The world’s wealthiest individual, Elon Musk, could be staring at major financial losses due to his escalating clash with former U.S. President Donald Trump.
Their growing feud may disrupt Tesla’s self-driving car rollout, limit NASA contracts for SpaceX, stall Starlink’s international expansion, and lead to further advertising losses for Musk’s social media platform, X.
That said, the actual impact hinges on how far Trump is willing to take the conflict.
“Trump’s not exactly known for letting things slide,” auto analyst Sam Abuelsamid joked. Turning serious, he warned, “For someone who rails against government spending, Musk’s ventures are deeply reliant on federal support—making him vulnerable.”
While the U.S. government also has stakes in Musk’s ventures, the potential fallout looms larger for the entrepreneur.
This spat comes just days before Tesla is set to unveil its robotaxi prototype in Austin, Texas—a crucial event for the EV maker, which is facing sluggish sales. Federal safety regulators could become a major hurdle for this launch if Trump pressures them to scrutinize the rollout.
Even prior to the dispute, the National Highway Traffic Safety Administration (NHTSA) had requested performance data on Tesla’s autonomous vehicles under poor visibility. The agency is already investigating 2.4 million Teslas over crash incidents involving its self-driving software.
The Department of Justice is also reportedly examining Tesla’s safety record, though its current findings remain undisclosed.
Following the robotaxi announcement, Tesla’s stock surged 50%. But after the Trump-Musk rift emerged, it plummeted over 14% on Thursday before rebounding slightly on Friday.
“Tesla’s recent rally was driven almost entirely by excitement over autonomous taxis,” said Morningstar analyst Seth Goldstein. “This political fallout could hurt that momentum.”
Another vulnerable area for Tesla is its lucrative carbon credit business. On the same day the feud escalated, Republican senators inserted language into Trump’s budget plan to eliminate penalties for fuel-inefficient cars—undermining the market for Tesla’s emissions credits.
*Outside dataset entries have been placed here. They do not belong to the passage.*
lemma indecomposable_size:
  assumes I: "indecomposable k l F"
  shows "(k = 1 \<and> l = 0) \<or> (k = 0 \<and> l = 1) \<or> (k \<ge> 2 \<and> l \<ge> 2)"
proof -
  have ne: "k \<noteq> 0 \<or> l \<noteq> 0"
    using min_topD(2) I unfolding indecomposable_def by fastforce
  have full: "k = 0 \<and> l = 1" if "w < l" "\<forall>u<k. (u, w) \<in> F" for w
  proof -
    from that have "is_top k l F {} {w}" unfolding is_top_def by auto
    with indecomposable_top_whole[OF I] have "{} = {..<k}" and w: "{w} = {..<l}" by auto
    moreover have "l = card {w}" by (simp only: w card_lessThan)
    ultimately show ?thesis by auto
  qed
  have isolated: "k = 1 \<and> l = 0" if "u < k" "\<forall>w<l. (u, w) \<notin> F" for u
  proof -
    from that have "is_top k l F {u} {}" unfolding is_top_def by auto
    with indecomposable_top_whole[OF I] have u: "{u} = {..<k}" and "{} = {..<l}" by auto
    moreover have "k = card {u}" by (simp only: u card_lessThan)
    ultimately show ?thesis by auto
  qed
  show ?thesis
  proof (rule ccontr)
    assume H: "\<not> ?thesis"
    then consider "k = 0" | "l = 0" | "k = 1" "l \<noteq> 0" | "l = 1" "k \<noteq> 0" by linarith
    then show False
    proof cases
      case 1
      with ne full[of 0] H show False by auto
    next
      case 2
      with ne isolated[of 0] H show False by auto
    next
      case 3
      with isolated[of 0] obtain w where "w < l" "(0, w) \<in> F" by auto
      with full[of w] 3 show False by auto
    next
      case 4
      with full[of 0] obtain u where "u < k" "(u, 0) \<notin> F" by auto
      with isolated[of u] 4 show False by auto
    qed
  qed
qed

lemma indecomposable_single_vertex:
  "indecomposable 1 0 F \<longleftrightarrow> F = {}" "indecomposable 0 1 F \<longleftrightarrow> F = {}"
  by (auto simp: indecomposable_def min_top_def is_top_def bigraphs_def lessThan_Suc subset_singleton_iff)

lemma icount_eq_tcount:
  "icount k l = tcount k l + (if k = 1 \<and> l = 0 then 1 else 0) + (if k = 0 \<and> l = 1 then 1 else 0)"
proof -
  consider "k \<ge> 2 \<and> l \<ge> 2" | "k = 1 \<and> l = 0" | "k = 0 \<and> l = 1"
    | "\<not> (k \<ge> 2 \<and> l \<ge> 2)" "\<not> (k = 1 \<and> l = 0)" "\<not> (k = 0 \<and> l = 1)" by blast
  then show ?thesis
  proof cases
    case 1
    then have "{F. indecomposable k l F} = {F. is_tangle k l F}"
      using tangle_imp_indecomposable indecomposable_imp_tangle by blast
    with 1 show ?thesis unfolding icount_def tcount_def by simp
  next
    case 2
    then have "{F. indecomposable k l F} = {{}}" "{F. is_tangle k l F} = {}"
      using indecomposable_single_vertex unfolding is_tangle_def by auto
    with 2 show ?thesis unfolding icount_def tcount_def by (simp only:) (simp add: quotient_def)
  next
    case 3
    then have "{F. indecomposable k l F} = {{}}" "{F. is_tangle k l F} = {}"
      using indecomposable_single_vertex unfolding is_tangle_def by auto
    with 3 show ?thesis unfolding icount_def tcount_def by (simp only:) (simp add: quotient_def)
  next
    case 4
    then have "{F. indecomposable k l F} = {}" "{F. is_tangle k l F} = {}"
      using indecomposable_size unfolding is_tangle_def by auto
    with 4 show ?thesis unfolding icount_def tcount_def by (simp only:) simp
  qed
qed

section \<open>Generating functions\<close>

unbundle fps_syntax

lemma bivar_gf_nth [simp]: "bivar_gf c $ i $ j = of_nat (c i j)"
  by (simp add: bivar_gf_def)

lemma bcount_0_0: "bcount 0 0 = 1"
proof -
  have "bigraphs 0 0 = {{}}" unfolding bigraphs_def by auto
  then show ?thesis unfolding bcount_def by (simp add: quotient_def)
qed

lemma icount_0_0: "icount 0 0 = 0"
proof -
  have "{F. indecomposable 0 0 F} = {}" using indecomposable_size[of 0 0] by auto
  then show ?thesis unfolding icount_def by (simp only:) simp
qed

lemma bivar_gf_icount: "bivar_gf icount = bivar_gf tcount + X_var + Y_var"
  by (intro fps_ext) (simp add: icount_eq_tcount)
While Musk has publicly minimized the significance of this revenue stream, it remains substantial. In Q1 alone, Tesla earned $595 million from credit sales, even as its overall revenue declined.
Musk’s political affiliations have already triggered backlash. His previous alignment with Trump alienated many eco-conscious customers, resulting in showroom boycotts. If Musk has distanced himself from Trump, some of those customers may return—but that remains uncertain.
Some analysts once speculated that Trump supporters in red states might become Tesla buyers. That now seems unlikely.
“There are more questions than answers after Thursday’s developments,” TD Cowen’s Itay Michaeli noted. His target price for Tesla has dropped from $388 to $330. On Friday, shares hovered around $300.
Tesla has not commented publicly on the situation.
Trump, for his part, has threatened to cut federal contracts with SpaceX—posing a significant risk to a company valued at $350 billion and heavily involved in U.S. space operations, including NASA launches and future moon missions.
SpaceX’s crew transport services are critical to the U.S. space program. Without it, NASA would have to rely on Russia’s Soyuz capsules—a politically sensitive alternative.
Musk hinted at retaliation, tweeting that SpaceX might decommission its Dragon spacecraft. Hours later, he reversed course, clarifying in a reply to another user that no such move would happen.
Starlink, SpaceX’s satellite internet arm, has also benefited from Musk’s ties with Trump, securing service approvals in countries like Saudi Arabia, Bangladesh, Pakistan, and India—where the service recently received a crucial license. Still, it’s unclear how much influence politics had in those deals.
Meanwhile, X is seeing some advertisers return after leaving over concerns about misinformation and conspiracy content. Musk has called their exit an “illegal boycott” and sued several firms, while the Trump administration launched an FTC investigation into possible collusion among advertisers.
Now, brands may face a new risk: the possibility that Trump will turn against X.
“If Trump grows hostile toward the platform, it could once again become politically toxic for big advertisers,” said Cornell political scientist Sarah Kreps. She noted, however, that whether an advertiser exodus happens will depend on how intense and prolonged the feud becomes.